Back on the stream again

I’ve fished, mostly fly fishing, for more than sixty years. For fifty of those years any pattern tossed onto a lake or stream has been made in-house.

Fishing partners assess the Deschutes River.

This week I was reorganizing the space used to tie flies and pulled out a box of hooks that has been on hand from the start.

It may have been a week of cold weather battering old bones or this antique hook box, but either way this got me ruminating on my tying bench.

In this house winter doesn’t bring fishing to a complete halt, but it does limit time spent on the water. What replaces the actual fishing is fly tying. In all these years of stocking a bench, more gets added than is ever tossed.

A tying space is the equivalent to a garage work bench with its collection of old cans holding odd lots of hardware that might someday be useful.

The foundation to my tying bench is a roll top desk recovered from the Pastime Bar in Whitefish.

Though it has served in many capacities, the current iteration evolved from a couple of decades of reorganizations.

Every drawer and file slot holds fly tying materials.

On the slab of oak that tops the desk is a tying box my father built.

Above that are shelves with even more wooden boxes. All overflow with the bits and bobs necessary to craft trout lures.

A still life   .  .  .  tying stuff

 

The item that prompted this post was a tiny piece of wire sitting in a white cardboard box identified by Mustad-Viking Hooks in red ink and the number 94840 stamped in a different font.

A Sparkle Pupa pattern in Gary LaFontaine’s book “Caddisflies” calls specifically for this style of hook. However, you can’t find this component in most fly shops.

You see, Mustad isn’t the market leader they were when their signature cardboard box lined shelves in every shop.

In the years since I purchased these boxes, not only has the package changed, but the part number number has disappeared.

It didn’t matter to me nor would it to any tyer pulling a pattern from this book as fly tyers are notorious for making substitutions. Just like your father always had a bolt that would work.

LaFontaine’s Sparkle Pupa on a size 12 Mustad 94840

Fly patterns are intended to imitate a fish’s food sources which hasn’t changed.

Material storage in Earl’s tying box

However, the materials and methods are in constant motion, bringing new twists to ancient patterns. Tying a caddis pupa imitation to fish ahead of a hatch draws on hundreds of different patterns from years of knowledge.

My methods have evolved, yet still get pulled back to times when these old Mustad hooks were state of the art.

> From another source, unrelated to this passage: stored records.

end

theory Submission
  imports Defs
begin

text \<open>The bracket is \<open>[x,y,z] = {x, [y,z]}\<close>, where \<open>[y,z] = y \<bottom> z - \<epsilon>(y,z) z \<bottom> y\<close> is the
  colour commutator of the associative product \<open>\<bottom>\<close> and \<open>{x,m} = x \<stileturn> m - \<epsilon>(x,m) m \<turnstile> x\<close>
  (\<open>perp_commutator\<close> and \<open>dialg_bracket\<close> below, with the degrees of the arguments passed
  explicitly).  By the mixed associativity axioms, \<open>x \<stileturn> -\<close> and \<open>- \<turnstile> x\<close> see a product of three homogeneous
  elements, formed with any of \<open>\<stileturn>, \<bottom>, \<turnstile>\<close>, only through the order of its factors.  Hence
  \<open>{-,-}\<close> is a colour Leibniz bracket, \<open>{{x,m},w} = {x,{m,w}} + \<epsilon>(m,w) {{x,w},m}\<close>, and inside
  \<open>{x,-}\<close> the map \<open>{-,w}\<close> is a derivation of \<open>[-,-]\<close>:
  \<open>{x,{[y,z],w}} = {x,[y,{z,w}]} + \<epsilon>(z,w) {x,[{y,w},z]}\<close>.  Taking \<open>m = [y,z]\<close>, \<open>w = [t,u]\<close>
  and combining the two identities gives the ternary Leibniz identity on homogeneous elements.
  The bracket is only given on homogeneous elements, so it is extended to the whole space
  trilinearly through homogeneous components.\<close>

section \<open>Graded vector spaces\<close>

locale graded_vector_space =
  fixes scale :: "'k::field \<Rightarrow> 'v::ab_group_add \<Rightarrow> 'v"
    and V :: "'g::ab_group_add \<Rightarrow> 'v set"
  assumes graded_space: "graded_space scale V"

sublocale graded_vector_space \<subseteq> module scale
  using graded_space unfolding graded_space_def by (elim conjE)

context graded_vector_space
begin

lemma subspace_grade: "subspace (V g)"
  using graded_space unfolding graded_space_def by (elim conjE allE)

lemma unique_decomposition:
  "\<exists>!c. (\<forall>g. c g \<in> V g) \<and> finite {g. c g \<noteq> 0} \<and> v = (\<Sum>g\<in>{g. c g \<noteq> 0}. c g)"
  using graded_space unfolding graded_space_def by (elim conjE allE)

lemma zero_in_grade [simp]: "0 \<in> V g"
  by (rule subspace_0[OF subspace_grade])

lemma add_in_grade: "x \<in> V g \<Longrightarrow> y \<in> V g \<Longrightarrow> x + y \<in> V g"
  by (rule subspace_add[OF subspace_grade])

lemma diff_in_grade: "x \<in> V g \<Longrightarrow> y \<in> V g \<Longrightarrow> x - y \<in> V g"
  by (rule subspace_diff[OF subspace_grade])

lemma scale_in_grade: "x \<in> V g \<Longrightarrow> scale k x \<in> V g"
  by (rule subspace_scale[OF subspace_grade])

definition homogeneous :: "'v \<Rightarrow> bool"
  where "homogeneous v \<longleftrightarrow> (\<exists>g. v \<in> V g)"

definition component :: "'v \<Rightarrow> 'g \<Rightarrow> 'v"
  where "component v = (THE c. (\<forall>g. c g \<in> V g) \<and> finite {g. c g \<noteq> 0} \<and>
                                  v = (\<Sum>g\<in>{g. c g \<noteq> 0}. c g))"
lemma pmf_KL_bind_le:
  assumes fin_B: "finite (set_pmf B)"
    and pos: "\<And>b x. b \<in> set_pmf B \<Longrightarrow> x \<in> set_pmf P \<Longrightarrow> pmf (Q b) x > 0"
  shows "pmf_KL P (bind_pmf B Q) \<le>
         ereal (pmf_expect B (\<lambda>b. \<Sum>x\<in>set_pmf P. pmf P x * ln (pmf P x / pmf (Q b) x)))"
proof -
  have mix: "pmf (bind_pmf B Q) x = pmf_expect B (\<lambda>b. pmf (Q b) x)" for x
    unfolding pmf_expect_def by (simp add: pmf_bind_finite_support[OF fin_B] mult.commute)
  have jensen: "pmf_expect B (\<lambda>b. ln (pmf (Q b) x)) \<le> ln (pmf (bind_pmf B Q) x)" if "x \<in> set_pmf P" for x
    unfolding mix using fin_B pos that by (intro ln_pmf_expect_ge)
  have mix_pos: "pmf (bind_pmf B Q) x > 0" if "x \<in> set_pmf P" for x
  proof -
    obtain b where b: "b \<in> set_pmf B" using set_pmf_not_empty[of B] by blast
    then have "x \<in> set_pmf (Q b)" using pos[OF b that] by (simp add: set_pmf_iff)
    with b have "x \<in> set_pmf (bind_pmf B Q)" by auto
    then show ?thesis by (simp add: pmf_positive)
  qed
  have "(\<Sum>x\<in>set_pmf P. pmf P x * ln (pmf P x / pmf (bind_pmf B Q) x))
      \<le> (\<Sum>x\<in>set_pmf P. pmf P x * (ln (pmf P x) - pmf_expect B (\<lambda>b. ln (pmf (Q b) x))))"
  proof (intro sum_mono mult_left_mono)
    fix x assume x: "x \<in> set_pmf P"
    then have "ln (pmf P x / pmf (bind_pmf B Q) x) = ln (pmf P x) - ln (pmf (bind_pmf B Q) x)"
      using mix_pos[OF x] pmf_positive[OF x] by (simp add: ln_div)
    then show "ln (pmf P x / pmf (bind_pmf B Q) x) \<le> ln (pmf P x) - pmf_expect B (\<lambda>b. ln (pmf (Q b) x))"
      using jensen[OF x] by simp
  qed simp
  also have "\<dots> = pmf_expect B (\<lambda>b. \<Sum>x\<in>set_pmf P. pmf P x * (ln (pmf P x) - ln (pmf (Q b) x)))"
    using fin_B
    by (simp add: pmf_expect_sum pmf_expect_cmult[symmetric] pmf_expect_diff pmf_expect_const right_diff_distrib)
  also have "\<dots> = pmf_expect B (\<lambda>b. \<Sum>x\<in>set_pmf P. pmf P x * ln (pmf P x / pmf (Q b) x))"
  proof (intro pmf_expect_cong sum.cong refl)
    fix b x assume b: "b \<in> set_pmf B" and x: "x \<in> set_pmf P"
    show "pmf P x * (ln (pmf P x) - ln (pmf (Q b) x)) = pmf P x * ln (pmf P x / pmf (Q b) x)"
      using pos[OF b x] pmf_positive[OF x] by (simp add: ln_div)
  qed
  finally have "(\<Sum>x\<in>set_pmf P. pmf P x * ln (pmf P x / pmf (bind_pmf B Q) x))
      \<le> pmf_expect B (\<lambda>b. \<Sum>x\<in>set_pmf P. pmf P x * ln (pmf P x / pmf (Q b) x))" .
  moreover have "\<not> (\<exists>x\<in>set_pmf P. pmf (bind_pmf B Q) x = 0)"
    using mix_pos by (metis less_irrefl)
  ultimately show ?thesis by (simp add: pmf_KL_def)
qed

section \<open>Play under history-dependent joint policies\<close>

locale coop_game =
  fixes N :: nat and sI :: "nat \<Rightarrow> 's" and T :: "nat \<Rightarrow> 's \<Rightarrow> 'a \<Rightarrow> 's pmf"
    and \<pi> :: "(nat \<Rightarrow> 's) \<Rightarrow> (nat \<Rightarrow> 'a) pmf"
begin

abbreviation s0 where "s0 \<equiv> restrict sI {..<N}"
abbreviation JT where "JT \<equiv> joint_T N T"
lemma tendsto_poly_mult_exp_neg_at_top: "((\<lambda>z. poly p z * exp (- z)) \<longlongrightarrow> (0::real)) at_top"
proof -
  have "((\<lambda>z. \<Sum>i\<le>degree p. coeff p i * (z ^ i / exp z)) \<longlongrightarrow> 0) at_top"
    by (intro tendsto_null_sum) (use tendsto_mult[OF tendsto_const tendsto_power_div_exp_0] in simp)
  moreover have "poly p z * exp (- z) = (\<Sum>i\<le>degree p. coeff p i * (z ^ i / exp z))" for z
    by (simp add: poly_altdef sum_distrib_right exp_minus divide_inverse mult.assoc)
  ultimately show ?thesis by simp
qed

lemma tendsto_poly_inverse_mult_exp_at_right_0:
  "((\<lambda>y. poly p (inverse y) * exp (- inverse y)) \<longlongrightarrow> (0::real)) (at_right 0)"
  using filterlim_compose[OF tendsto_poly_mult_exp_neg_at_top filterlim_inverse_at_top_right] by simp

lemma flat_exp_deriv_has_derivative_at_0:
  "(flat_exp_deriv n has_real_derivative flat_exp_deriv (Suc n) 0) (at 0)"
proof -
  let ?q = "\<lambda>y. (flat_exp_deriv n y - flat_exp_deriv n 0) / (y - 0)"
  have "(?q \<longlongrightarrow> 0) (at_left 0)"
    by (rule tendsto_eventually)
      (auto simp: eventually_at_left_field flat_exp_deriv_def intro!: exI[of _ "-1"])
  moreover have "(?q \<longlongrightarrow> 0) (at_right 0)"
  proof (rule Lim_transform_eventually)
    show "((\<lambda>y. poly ([:0, 1:] * flat_exp_poly n) (inverse y) * exp (- inverse y)) \<longlongrightarrow> 0) (at_right 0)"
      by (rule tendsto_poly_inverse_mult_exp_at_right_0)
    show "\<forall>\<^sub>F y in at_right 0. poly ([:0, 1:] * flat_exp_poly n) (inverse y) * exp (- inverse y) = ?q y"
      by (auto simp: eventually_at_right_field flat_exp_deriv_def field_simps intro!: exI[of _ 1])
  qed
  ultimately have "(?q \<longlongrightarrow> 0) (at 0)"
    by (simp add: filterlim_at_split)
  then show ?thesis by (simp add: has_field_derivative_iff flat_exp_deriv_def)
qed

lemma flat_exp_deriv_has_derivative:
  "(flat_exp_deriv n has_real_derivative flat_exp_deriv (Suc n) x) (at x)"
proof (cases x "0 :: real" rule: linorder_cases)
  case less
  have "((\<lambda>x. 0) has_real_derivative 0) (at x)" by simp
  then have "(flat_exp_deriv n has_real_derivative 0) (at x)"
    by (rule has_field_derivative_transform_within_open[where S="{..<0}"])
      (use less in \<open>auto simp: flat_exp_deriv_def\<close>)
  then show ?thesis using less by (simp add: flat_exp_deriv_def)
next
  case equal
  then show ?thesis using flat_exp_deriv_has_derivative_at_0 by simp
next
  case greater
  let ?p = "flat_exp_poly n"
  have "((\<lambda>x. poly ?p (inverse x) * exp (- inverse x)) has_real_derivative
          poly (pderiv ?p) (inverse x) * (- inverse (x\<^sup>2)) * exp (- inverse x)
          + poly ?p (inverse x) * (exp (- inverse x) * inverse (x\<^sup>2))) (at x)"
    using greater by (auto intro!: derivative_eq_intros DERIV_chain2[OF poly_DERIV]
        simp: power2_eq_square field_simps)
  also have "poly (pderiv ?p) (inverse x) * (- inverse (x\<^sup>2)) * exp (- inverse x)
          + poly ?p (inverse x) * (exp (- inverse x) * inverse (x\<^sup>2)) = flat_exp_deriv (Suc n) x"
    using greater by (simp add: flat_exp_deriv_def power2_eq_square field_simps)
  finally show ?thesis
    by (rule has_field_derivative_transform_within_open[where S="{0<..}"])
      (use greater in \<open>auto simp: flat_exp_deriv_def\<close>)
qed

lemma differentiable_upto_flat_exp: "differentiable_upto n flat_exp"
proof -
  have "flat_exp = flat_exp_deriv 0"
    by (simp add: fun_eq_iff flat_exp_def flat_exp_deriv_def)
  then show ?thesis
    using differentiable_upto_derivative_sequence[where F=flat_exp_deriv, OF flat_exp_deriv_has_derivative]
    by simp
qed

definition smooth_step :: "real \<Rightarrow> real" where
  "smooth_step x = flat_exp x / (flat_exp x + flat_exp (1 - x))"

definition smooth_step' :: "real \<Rightarrow> real" where
  "smooth_step' = deriv smooth_step"

definition smooth_step'' :: "real \<Rightarrow> real" where
  "smooth_step'' = deriv smooth_step'"

lemma flat_exp_sum_pos: "flat_exp x + flat_exp (1 - x) > 0"
  by (cases "x > 0") (auto simp: flat_exp_def add_pos_nonneg add_nonneg_pos)

lemma smooth_step_eq_0: "x \<le> 0 \<Longrightarrow> smooth_step x = 0"
  by (simp add: smooth_step_def flat_exp_def)

lemma smooth_step_eq_1: "x \<ge> 1 \<Longrightarrow> smooth_step x = 1"
  using flat_exp_sum_pos[of x] by (simp add: smooth_step_def flat_exp_def)

lemma smooth_step_bounds: "0 \<le> smooth_step x" "smooth_step x \<le> 1"
  using flat_exp_sum_pos[of x] by (auto simp: smooth_step_def flat_exp_def)

lemma differentiable_upto_smooth_step: "differentiable_upto n smooth_step"
proof -
  have "differentiable_upto n (\<lambda>x. flat_exp x + flat_exp ((-1) * x + 1))"
    by (intro differentiable_upto_add differentiable_upto_compose_affine differentiable_upto_flat_exp)
  then have "differentiable_upto n (\<lambda>x. flat_exp x * inverse (flat_exp x + flat_exp ((-1) * x + 1)))"
    using flat_exp_sum_pos
    by (intro differentiable_upto_mult differentiable_upto_inverse differentiable_upto_flat_exp)
      (simp_all add: less_imp_neq[symmetric])
  then show ?thesis by (simp add: smooth_step_def[abs_def] divide_inverse)
qed

lemma smooth_step_has_derivatives:
  "(smooth_step has_real_derivative smooth_step' x) (at x)"
  "(smooth_step' has_real_derivative smooth_step'' x) (at x)"
  using differentiable_upto_smooth_step[of 2]
  by (simp_all add: smooth_step'_def smooth_step''_def numeral_2_eq_2 DERIV_deriv_iff_real_differentiable
      differentiable_upto_imp_differentiable)

lemma eventually_outside_unit_interval:
  "x < 0 \<or> 1 < x \<Longrightarrow> \<forall>\<^sub>F y in nhds x. y < 0 \<or> 1 < (y::real)"
  using eventually_nhds_in_open[of "{..<0} \<union> {1<..}" x] by (auto simp: open_Un)

lemma smooth_step'_eq_0: "x < 0 \<or> 1 < x \<Longrightarrow> smooth_step' x = 0"
proof -
  assume x: "x < 0 \<or> 1 < x"
  define c where "c = (if x < 0 then 0 else 1 :: real)"
  have "\<forall>\<^sub>F y in nhds x. smooth_step y = c"
  proof (cases "x < 0")
    case True
    then have "\<forall>\<^sub>F y in nhds x. y < 0"
      using eventually_nhds_in_open[of "{..<0}" x] by auto
    then show ?thesis using True by (auto simp: c_def smooth_step_eq_0 elim!: eventually_mono)
  next
    case False
    then have "\<forall>\<^sub>F y in nhds x. 1 < y"
      using x eventually_nhds_in_open[of "{1<..}" x] by auto
    then show ?thesis using False by (auto simp: c_def smooth_step_eq_1 elim!: eventually_mono)
  qed
  then have "smooth_step' x = deriv (\<lambda>_. c) x"
    unfolding smooth_step'_def by (rule deriv_cong_ev) simp
  then show ?thesis by simp
qed
lemma bernoulli_mgf_le_bennett:
  fixes q t :: real
  assumes q: "0 \<le> q" "q \<le> 1" and t: "0 \<le> t"
  shows "bernoulli_mgf q t \<le> exp (q * (1 - q) * (exp t - 1 - t))"
proof -
  define A where "A x = 1 - q + q * exp x" for x :: real
  have A_ge: "1 \<le> A x" if "0 \<le> x" for x
    using q that mult_left_mono[of 1 "exp x" q] by (simp add: A_def)
  have "0 \<le> q * (1 - q) * (exp t - 1 - t) - (ln (A t) - q * t)"
  proof (rule nonneg_if_deriv_nonneg
      [where f = "\<lambda>x. q * (1 - q) * (exp x - 1 - x) - (ln (A x) - q * x)"
        and f' = "\<lambda>x. q * (1 - q) * (exp x - 1) - q * exp x / A x + q"])
    fix x :: real
    assume x: "0 \<le> x"
    with A_ge have pos: "0 < A x" by (meson less_le_trans zero_less_one)
    then show "((\<lambda>x. q * (1 - q) * (exp x - 1 - x) - (ln (A x) - q * x)) has_real_derivative
        q * (1 - q) * (exp x - 1) - q * exp x / A x + q) (at x)"
      by (auto intro!: derivative_eq_intros simp: A_def algebra_simps)
    have "q * (1 - q) * (exp x - 1) - q * exp x / A x + q
        = q * (1 - q) * (exp x - 1) * (A x - 1) / A x"
      using pos by (simp add: A_def field_simps)
    moreover have "0 \<le> q * (1 - q) * (exp x - 1) * (A x - 1)"
      using q x A_ge[OF x] by (intro mult_nonneg_nonneg) auto
    ultimately show "0 \<le> q * (1 - q) * (exp x - 1) - q * exp x / A x + q"
      using pos by simp
  qed (use t in \<open>auto simp: A_def\<close>)
  moreover have "bernoulli_mgf q t = exp (ln (A t) - q * t)"
    using A_ge[OF t] by (simp add: bernoulli_mgf_def A_def exp_diff field_simps flip: exp_add)
  ultimately show ?thesis by simp
qed

lemma bernoulli_mgf_neg_le_subgaussian:
  fixes q t :: real
  assumes q: "0 \<le> q" "q \<le> 1" and t: "0 \<le> t"
  shows "bernoulli_mgf q (- t) \<le> exp (bernoulli_lower_proxy q * t\<^sup>2 / 2)"
proof -
  define c where "c = bernoulli_lower_proxy q"
  define B where "B x = (1 - q) * exp x + q" for x :: real
  have B_ge: "1 \<le> B x" if "0 \<le> x" for x
    using q that mult_left_mono[of 1 "exp x" "1 - q"] by (simp add: B_def)
  have B_pos: "0 < B x" if "0 \<le> x" for x
    using B_ge[OF that] by linarith
  have slope: "0 \<le> c * x + (1 - q) - (1 - q) * exp x / B x" if "0 \<le> x" for x
  proof (rule nonneg_if_deriv_nonneg[where f = "\<lambda>x. c * x + (1 - q) - (1 - q) * exp x / B x"
        and f' = "\<lambda>x. c - q * (1 - q) * exp x / (B x)\<^sup>2"])
    fix y :: real
    assume y: "0 \<le> y"
    show "((\<lambda>x. c * x + (1 - q) - (1 - q) * exp x / B x) has_real_derivative
        c - q * (1 - q) * exp y / (B y)\<^sup>2) (at y)"
      using B_pos[OF y] by (auto intro!: derivative_eq_intros simp: B_def field_simps power2_eq_square)
    have "q * (1 - q) * exp y \<le> c * (B y)\<^sup>2"
      using bernoulli_lower_proxy_bound[OF q, of "exp y"] y by (simp add: c_def B_def)
    then show "0 \<le> c - q * (1 - q) * exp y / (B y)\<^sup>2"
      using B_pos[OF y] by (simp add: field_simps)
  qed (use that in \<open>auto simp: B_def\<close>)
  have "0 \<le> c * t\<^sup>2 / 2 - (ln (B t) - (1 - q) * t)"
  proof (rule nonneg_if_deriv_nonneg[where f = "\<lambda>x. c * x\<^sup>2 / 2 - (ln (B x) - (1 - q) * x)"
        and f' = "\<lambda>x. c * x + (1 - q) - (1 - q) * exp x / B x"])
    fix y :: real
    assume "0 \<le> y"
    then show "((\<lambda>x. c * x\<^sup>2 / 2 - (ln (B x) - (1 - q) * x)) has_real_derivative
        c * y + (1 - q) - (1 - q) * exp y / B y) (at y)"
      using B_pos by (auto intro!: derivative_eq_intros simp: B_def field_simps power2_eq_square)
  qed (use t slope in \<open>auto simp: B_def\<close>)
  moreover have "bernoulli_mgf q (- t) = B t * exp (- ((1 - q) * t))"
    by (simp add: bernoulli_mgf_def B_def algebra_simps flip: exp_add)
  then have "bernoulli_mgf q (- t) = exp (ln (B t) - (1 - q) * t)"
    using B_pos[OF t] by (simp add: exp_diff exp_minus divide_inverse)
  ultimately show ?thesis by (simp add: c_def)
qed

text \<open>The choice \<open>s = \<lambda> / (V + r\<lambda>/3)\<close> in Bernstein's inequality.\<close>

lemma bernstein_exponent_bound:
  fixes r lam A V :: real
  assumes r: "0 < r" and lam: "0 < lam" and A: "0 \<le> A" and AV: "r\<^sup>2 * A \<le> V"
  shows "\<exists>s\<ge>0. A * (exp (s * r) - 1 - s * r) - s * lam \<le> - (lam\<^sup>2 / (2/3 * r * lam + 2 * V))"
proof -
  have V: "0 \<le> V" using order_trans[OF mult_nonneg_nonneg[OF zero_le_power2 A] AV] .
  define D where "D = V + r * lam / 3"
  have D: "0 < D" using V mult_pos_pos[OF r lam] by (simp add: D_def)
  define s where "s = lam / D"
  have s: "0 \<le> s" using D lam by (simp add: s_def)
  have rhs: "lam\<^sup>2 / (2/3 * r * lam + 2 * V) = s * lam / 2"
    using D by (simp add: s_def D_def field_simps power2_eq_square)
  have "A * (exp (s * r) - 1 - s * r) \<le> s * lam / 2"
  proof (cases "A = 0")
    case True
    then show ?thesis using s lam by simp
  next
    case False
    with A r have "0 < r\<^sup>2 * A" by simp
    with AV have V_pos: "0 < V" by linarith
    define t where "t = s * r"
    have t: "t = r * lam / D" by (simp add: t_def s_def)
    have three_minus_t: "3 - t = 3 * V / D"
      using D by (simp add: t D_def field_simps)
    have "0 < 3 * V / D" using V_pos D by simp
    then have t_bounds: "0 \<le> t" "t < 3"
      using s r three_minus_t by (simp_all add: t_def)
    have "A * (exp t - 1 - t) \<le> A * (3 * t\<^sup>2 / (2 * (3 - t)))"
      by (intro mult_left_mono exp_minus_one_minus_le t_bounds A)
    also have "\<dots> \<le> V / r\<^sup>2 * (3 * t\<^sup>2 / (2 * (3 - t)))"
      using AV r t_bounds by (intro mult_right_mono) (simp_all add: field_simps)
    also have "\<dots> = V / r\<^sup>2 * (3 * (r * lam / D)\<^sup>2 / (2 * (3 * V / D)))"
      by (subst three_minus_t) (simp only: t)
    also have "\<dots> = s * lam / 2"
      using D r V_pos by (simp add: s_def field_simps power2_eq_square)
    finally show ?thesis by (simp add: t_def)
  qed
  with s show ?thesis unfolding rhs by (intro exI[of _ s]) linarith
qed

Hen capes for hackle feathers

As winter sets in, I scribble out a list aimed to replenish boxes depleted over a summer of fishing.

This year a variety of streamers will be tacked on because Small Mouth Bass got added to the hunted species list.

 

I’ll spend the next month or so building imitations of aquatic invertebrates to match the variety of hatches we’ll encounter. Some will end up catching fish, others will catch a rock or branch and become part of next year’s winter list.

Every year the process gets reset like the cycles I’m attempting to replicate.